— Problem requirements —
From the entries, filter out every line that lacks "rule" and copy the rest.

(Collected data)
►

theorem lemma5:
  fixes \<sigma> \<eta> zm zp :: real and n i :: nat
  assumes "\<sigma> > 0" and "n \<ge> 2" and "i < n" and "\<eta> \<ge> 0"
  shows "(\<bar>zp\<bar> \<noteq> \<bar>zm\<bar> \<longrightarrow>
            psi_star_inv \<sigma> n i \<eta> (zm, zp) \<le>
              \<bar>zp^2 - zm^2\<bar> * sqrt (2 * \<eta>)
              + 2 * \<sigma>^2 * (zp - zm)^2 / (real n * \<bar>zp^2 - zm^2\<bar>) * sqrt (2 * \<eta>)
              + 4 * max (zp^2) (zm^2) / real n)
       \<and> (\<bar>zp\<bar> = \<bar>zm\<bar> \<longrightarrow>
            psi_star_inv \<sigma> n i \<eta> (zm, zp) \<le>
              4 * \<sigma> * sqrt (2 * \<eta> / real n) * \<bar>zp\<bar> + 4 * max (zp^2) (zm^2) / real n)"
proof -
  define D where "D = zp\<^sup>2 - zm\<^sup>2"
  define q where "q = 4 * (zp - zm)\<^sup>2 * \<sigma>\<^sup>2 / n"
  have main: "psi_star_inv \<sigma> n i \<eta> (zm, zp) \<le> 4 * max (zp\<^sup>2) (zm\<^sup>2) / n + sqrt (2 * \<eta>) * sqrt (D\<^sup>2 + q)"
    unfolding D_def q_def using assms(1,3,4) by (rule psi_star_inv_le)
  show ?thesis
  proof (intro conjI impI)
    assume "\<bar>zp\<bar> \<noteq> \<bar>zm\<bar>"
    then have "zp\<^sup>2 \<noteq> zm\<^sup>2"
      by (metis power2_abs real_sqrt_abs)
    then have "D \<noteq> 0"
      by (simp add: D_def)
    then have "sqrt (2 * \<eta>) * sqrt (D\<^sup>2 + q) \<le> sqrt (2 * \<eta>) * (\<bar>D\<bar> + q / (2 * \<bar>D\<bar>))"
      using assms(4) by (intro mult_left_mono sqrt_square_add_le) (simp_all add: q_def)
    with main show "psi_star_inv \<sigma> n i \<eta> (zm, zp) \<le> \<bar>zp^2 - zm^2\<bar> * sqrt (2 * \<eta>)
        + 2 * \<sigma>^2 * (zp - zm)^2 / (real n * \<bar>zp^2 - zm^2\<bar>) * sqrt (2 * \<eta>) + 4 * max (zp^2) (zm^2) / real n"
      by (simp add: D_def q_def algebra_simps)
  next
    assume "\<bar>zp\<bar> = \<bar>zm\<bar>"
    then have "D = 0" and "\<bar>zp - zm\<bar> \<le> 2 * \<bar>zp\<bar>"
      using abs_triangle_ineq4[of zp zm] by (simp_all add: D_def, metis power2_abs)
    then have "sqrt (2 * \<eta>) * sqrt (D\<^sup>2 + q) = 2 * \<sigma> * sqrt (2 * \<eta> / n) * \<bar>zp - zm\<bar>"
      using assms(1) by (simp add: q_def real_sqrt_mult real_sqrt_divide power_mult_distrib)
    also have "\<dots> \<le> 2 * \<sigma> * sqrt (2 * \<eta> / n) * (2 * \<bar>zp\<bar>)"
      using \<open>\<bar>zp - zm\<bar> \<le> 2 * \<bar>zp\<bar>\<close> assms(1,4) by (intro mult_left_mono) simp_all
    finally show "psi_star_inv \<sigma> n i \<eta> (zm, zp) \<le> 4 * \<sigma> * sqrt (2 * \<eta> / real n) * \<bar>zp\<bar> + 4 * max (zp^2) (zm^2) / real n"
      using main by (simp add: mult_ac)
  qed
qed

end
text \<open>Variational characterisation: otherwise moving \<open>p\<close> by a small multiple of \<open>m\<close> towards
\<open>x\<close> would decrease the distance.\<close>

lemma nearest_point_orthogonal:
  assumes M: "csubspace M" and p: "p \<in> M" and nearest: "\<And>m. m \<in> M \<Longrightarrow> norm (x - p) \<le> norm (x - m)"
  shows "x - p \<in> corthogonal_comp M"
  unfolding corthogonal_comp_def mem_Collect_eq
proof
  fix m assume m: "m \<in> M"
  define e where "e = x - p"
  define c where "c = cinner m e"
  define q where "q = (cmod c)\<^sup>2"
  define s where "s = 1 / ((norm m)\<^sup>2 + 1)"
  have pos: "(norm m)\<^sup>2 + 1 > 0" using zero_le_power2[of "norm m"] by linarith
  have s: "s > 0" using pos by (simp add: s_def)
  have sm: "s * (norm m)\<^sup>2 \<le> 1" using pos by (simp add: s_def field_simps)
  define t where "t = of_real s * c"
  have "p + cscale t m \<in> M" using p m M csubspace_add csubspace_cscale by metis
  hence "(norm e)\<^sup>2 \<le> (norm (e - cscale t m))\<^sup>2"
    using nearest by (simp add: e_def algebra_simps power_mono)
  also have "\<dots> = (norm e)\<^sup>2 + (norm (cscale t m))\<^sup>2 - 2 * Re (cinner e (cscale t m))"
    by (rule power2_norm_diff)
  also have "norm (cscale t m) = s * cmod c * norm m"
    using s by (simp add: norm_cscale t_def norm_mult)
  also have "cinner e (cscale t m) = of_real s * (c * cnj c)"
    by (simp add: cinner_cscale_right t_def c_def cinner_cnj[of e m] mult.assoc)
  also have "Re (of_real s * (c * cnj c)) = s * q"
    by (simp add: q_def complex_mult_cnj cmod_power2)
  finally have "0 \<le> s * (s * (norm m)\<^sup>2 * q - 2 * q)"
    by (simp add: q_def algebra_simps power2_eq_square)
  hence "0 \<le> s * (norm m)\<^sup>2 * q - 2 * q" using s by (simp add: zero_le_mult_iff)
  moreover have "s * (norm m)\<^sup>2 * q \<le> q" using sm mult_right_mono[OF sm, of q] by (simp add: q_def)
  moreover have "q \<ge> 0" by (simp add: q_def)
  ultimately have "q = 0" by linarith
  thus "cinner m (x - p) = 0" by (simp add: q_def c_def e_def)
qed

◄

— Answer box —
    unfolding D_def q_def using assms(1,3,4) by (rule psi_star_inv_le)
    by (rule power2_norm_diff)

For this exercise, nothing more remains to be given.